You would think that by now I would have "got over it" and "moved on". However, no-one adapts to that - though there comes a time when you have to have the manners to stop going on about it in public. Conversely, it would be nice if the public would stop throwing people across my path and reminding me of it. Is this why most old people don't go out? Because they don't want to be reminded of their age and irrelevance? I used to go to a Thursday evening boxing class: between it and the train timetable, I wasn't back home until 21:00 and the traditional physical jerks that emphasise explosive strength don't suit me. But I kept with it for quite a few weeks. Many of the others did at least one if not two other classes a week and they chatted before the start and shared a handful of in-jokes. Not much, but just enough to suddenly make me feel that once again I was on the outside. And that upset me, so suddenly I found the logistics inconvenient and stopped going. I noticed that every now and then some new people would try the class out and not come back. Was it because they thought "no, this is an in-crowd thing and I want some hard-core exercise without a reminder that I'm not part of a little group" and didn't get upset with themselves for not feeling part of the group? They felt, in other words, that it wasn't the place for a "group"? Which sounds pretty "well-adjusted".
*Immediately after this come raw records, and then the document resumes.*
lemma compatible_Zp_0:
  assumes "0 \<le> Zdisc c" and "ereal (Ym c) \<le> R0 c" and "R0 c \<le> ereal (Zp c)"
    and "Ym c \<le> lam c" and "lam c \<le> Zp c" and "0 < Zp c"
  shows "compatible c (Zp c) 0"
proof -
  have "c 1 0 \<noteq> 0"
    using R0_le_iff assms(3) by fastforce
  then have "Zp c \<in> Bplus c"
    using Bplus_eq_beta1lo_Zp[OF assms(1) _ assms(4)] assms(3,5) Zm_le_Zp[OF assms(1)]
    by (auto simp: beta1lo_def)
  moreover have "0 \<in> Bminus c"
    using Icc_0_Ym_subset_Bminus[OF assms(2,4)] Ym_bounds(1) by auto
  ultimately show ?thesis
    using compatible_if_mem_Bplus_Bminus assms(6) by blast
qed

end

theorem proposition5p8:
  fixes c :: "nat \<Rightarrow> nat \<Rightarrow> real"
  assumes "model2 c"
    and "Zdisc c \<ge> 0"
  shows "beta2min c \<le> 0
      \<and> 0 \<le> min (ereal (Ym c)) (min (R0 c) (ereal (lam c)))
      \<and> min (ereal (Ym c)) (min (R0 c) (ereal (lam c))) \<le> beta2max c
      \<and> beta2max c \<le> beta2hi c
      \<and> (ereal (Ym c) \<le> R0 c \<and> R0 c \<le> ereal (Zp c) \<and> Ym c \<le> lam c \<and> lam c \<le> Zp c
          \<and> Zp c > 0 \<longrightarrow>
       {0..Ym c} \<subseteq> Bminus c \<and> {z. beta1lo c \<le> ereal z \<and> z \<le> Zp c} = Bplus c \<and> admissible c)"
proof -
  have "0 \<le> min (ereal (Ym c)) (min (R0 c) (ereal (lam c)))"
    using Ym_bounds(1) R0_nonneg model2_signs(6) assms(1) by simp
  moreover have "{0..Ym c} \<subseteq> Bminus c \<and> {z. beta1lo c \<le> ereal z \<and> z \<le> Zp c} = Bplus c
      \<and> admissible c"
    if "ereal (Ym c) \<le> R0 c" "R0 c \<le> ereal (Zp c)" "Ym c \<le> lam c" "lam c \<le> Zp c" "0 < Zp c"
  proof -
    have "c 1 0 \<noteq> 0"
      using R0_le_iff[OF assms(1)] that(2) by fastforce
    then show ?thesis
      using Icc_0_Ym_subset_Bminus Bplus_eq_beta1lo_Zp compatible_Zp_0 assms that
      unfolding admissible_def by blast
  qed
  ultimately show ?thesis
    using beta2min_nonpos min_Ym_R0_lam_le_beta2max beta2max_le_beta2hi assms by blast
qed

end
lemma nu_mult_Bj:
  assumes qpos: "\<forall>j\<in>{1..K}. q j > 0" and j: "j \<in> {1..K}"
  defines "p \<equiv> pprod K q"
  shows "real_of_int (nu K q n N j) * Bj K q \<phi> n N j
       = (\<Sum>m | m div p \<in> {n div p..(n + int N) div p} \<and> q j dvd m - n. \<phi> m)"
proof -
  have p: "p > 0" unfolding p_def using pprod_pos [OF qpos] .
  have qj: "q j > 0" using qpos j by blast
  have nz: "nu K q n N j \<noteq> 0"
    using Nprime_pos [OF p [unfolded p_def], of n N] qtilde_pos [OF qpos j] by (simp add: nu_def)
  have inj: "inj_on (\<lambda>l. n + l * q j) {l. l * q j \<in> Iset K q n N}"
    using qj by (auto simp: inj_on_def)
  have in_Iset: "l * q j \<in> Iset K q n N \<longleftrightarrow> (n + l * q j) div p \<in> {n div p..(n + int N) div p}"
    for l
    unfolding Iset_eq p_def [symmetric] div_in_atLeastAtMost_iff [OF p] by auto
  have img: "(\<lambda>l. n + l * q j) ` {l. l * q j \<in> Iset K q n N}
      = {m. m div p \<in> {n div p..(n + int N) div p} \<and> q j dvd m - n}"
  proof (intro set_eqI iffI)
    fix m assume "m \<in> (\<lambda>l. n + l * q j) ` {l. l * q j \<in> Iset K q n N}"
    then show "m \<in> {m. m div p \<in> {n div p..(n + int N) div p} \<and> q j dvd m - n}"
      using in_Iset by auto
  next
    fix m assume m: "m \<in> {m. m div p \<in> {n div p..(n + int N) div p} \<and> q j dvd m - n}"
    then have "q j dvd m - n" by simp
    then obtain l where "m - n = q j * l" by (rule dvdE)
    then have l: "m = n + l * q j" by (simp add: algebra_simps)
    show "m \<in> (\<lambda>l. n + l * q j) ` {l. l * q j \<in> Iset K q n N}"
    proof (rule image_eqI)
      show "m = n + l * q j" by (rule l)
      show "l \<in> {l. l * q j \<in> Iset K q n N}" using m in_Iset [of l] unfolding l by simp
    qed
  qed
  show ?thesis using nz unfolding Bj_def img [symmetric] sum.reindex [OF inj] by (simp add: o_def)
qed

lemma B_eq:
  assumes qpos: "\<forall>j\<in>{1..K}. q j > 0"
  defines "p \<equiv> pprod K q"
  shows "B K q \<phi> n N
       = (\<Sum>j=1..K. \<Sum>m | m div p \<in> {n div p..(n + int N) div p} \<and> q j dvd m - n. \<phi> m)
         / (real_of_int (Nprime K q n N) * (\<Sum>j=1..K. real_of_int (qtilde K q j)))"
proof -
  have num: "(\<Sum>j=1..K. real_of_int (nu K q n N j) * Bj K q \<phi> n N j)
      = (\<Sum>j=1..K. \<Sum>m | m div p \<in> {n div p..(n + int N) div p} \<and> q j dvd m - n. \<phi> m)"
    unfolding p_def by (rule sum.cong [OF refl]) (rule nu_mult_Bj [OF qpos])
  have den: "(\<Sum>j=1..K. real_of_int (nu K q n N j))
      = real_of_int (Nprime K q n N) * (\<Sum>j=1..K. real_of_int (qtilde K q j))"
    by (simp add: nu_def sum_distrib_left)
  show ?thesis unfolding B_def num den ..
qed

lemma sum_progressions_eq_sum_block_mass:
  assumes p: "pprod K q > 0" and fin: "finite {m. \<phi> m \<noteq> 0}"
  shows "(\<Sum>j=1..K. \<Sum>m | m div pprod K q \<in> {a..b} \<and> q j dvd m - r. \<bar>\<phi> m\<bar>)
       = (\<Sum>t=a..b. block_mass K q \<phi> r t)"
proof -
  define M where "M j = {m. m div pprod K q \<in> {a..b} \<and> q j dvd m - r}" for j
  define Supp where "Supp = {m. \<phi> m \<noteq> 0 \<and> m div pprod K q \<in> {a..b}}"
  have "{m. m div pprod K q \<in> {a..b}} = {a * pprod K q..<(b + 1) * pprod K q}"
    unfolding div_in_atLeastAtMost_iff [OF p] by (rule Collect_mem_eq)
  then have "finite {m. m div pprod K q \<in> {a..b}}" by simp
  then have finM: "finite (M j)" for j
    by (rule finite_subset [rotated]) (auto simp: M_def)
  have finSupp: "finite Supp" unfolding Supp_def using fin by (rule finite_subset [rotated]) auto
  have "(\<Sum>m\<in>M j. \<bar>\<phi> m\<bar>) = (\<Sum>m\<in>Supp. of_bool (q j dvd m - r) * \<bar>\<phi> m\<bar>)" for j
  proof -
    have "(\<Sum>m\<in>M j. \<bar>\<phi> m\<bar>) = (\<Sum>m\<in>Supp \<inter> {m. q j dvd m - r}. \<bar>\<phi> m\<bar>)"
      using finM by (rule sum.mono_neutral_right) (auto simp: M_def Supp_def)
    then show ?thesis using finSupp by simp
  qed
  then have "(\<Sum>j=1..K. \<Sum>m\<in>M j. \<bar>\<phi> m\<bar>)
      = (\<Sum>j=1..K. \<Sum>m\<in>Supp. of_bool (q j dvd m - r) * \<bar>\<phi> m\<bar>)"
    by simp
  also have "\<dots> = (\<Sum>m\<in>Supp. real (coverage K q r m) * \<bar>\<phi> m\<bar>)"
    unfolding coverage_eq_sum sum_distrib_right by (rule sum.swap)
  also have "\<dots> = (\<Sum>t=a..b. block_mass K q \<phi> r t)"
    unfolding Supp_def using sum_block_mass [OF fin] by simp
  finally show ?thesis unfolding M_def .
qed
The exclusive gyms, exercise classes, schools and even pubs (The Blind Beggar anyone?) are exclusive because what they really offer is networking: the guarantee to their members that all the other people there will be reasonably congenial and possibly useful company. No time-wasters, tyre-kickers, glommers, celeb-spotters and other parasites, misfits and plain ordinary people.
A group is formed round some common experience or activity that its members want to share. This is why commuters aren't a group: they don't want to be there. It's why office workers often aren't a group: the nature of their work by and large isolates them in themselves (compare a bunch of analysts with their heads stuck in their computers with a bunch of guys in a foundry, who have to co-operate or they will be seriously injured by hot metal).
At some stage in our lives - I'm guessing it's well before eighteen - we need an experience of what being part of a group is like. We need to see and feel what it is like to exchange favours, to help and be helped, to trust and be trusted. Then we can see the world around us as somewhere we have a place in, that can be trusted, can be helpful to us and to which we can be helpful. These are not experiences that can be "had later", but lessons that need to be learned when we are still forming ourselves. Otherwise we make the adaption to a world that isn't helpful and can't be trusted and become, in the words of the song "cold, alone, just a person on my own". That was my experience.
I and others like me might have adapted like that, but it doesn't mean the urge, need or instinct to want to belong dies. That's still there. It's what lies behind our sense that we're incomplete and it's what causes the sudden bolt of loneliness when we are somewhere we would like to belong and know we arrived too late. It's why the sound of laughter in the next room is so tantalising and cruel.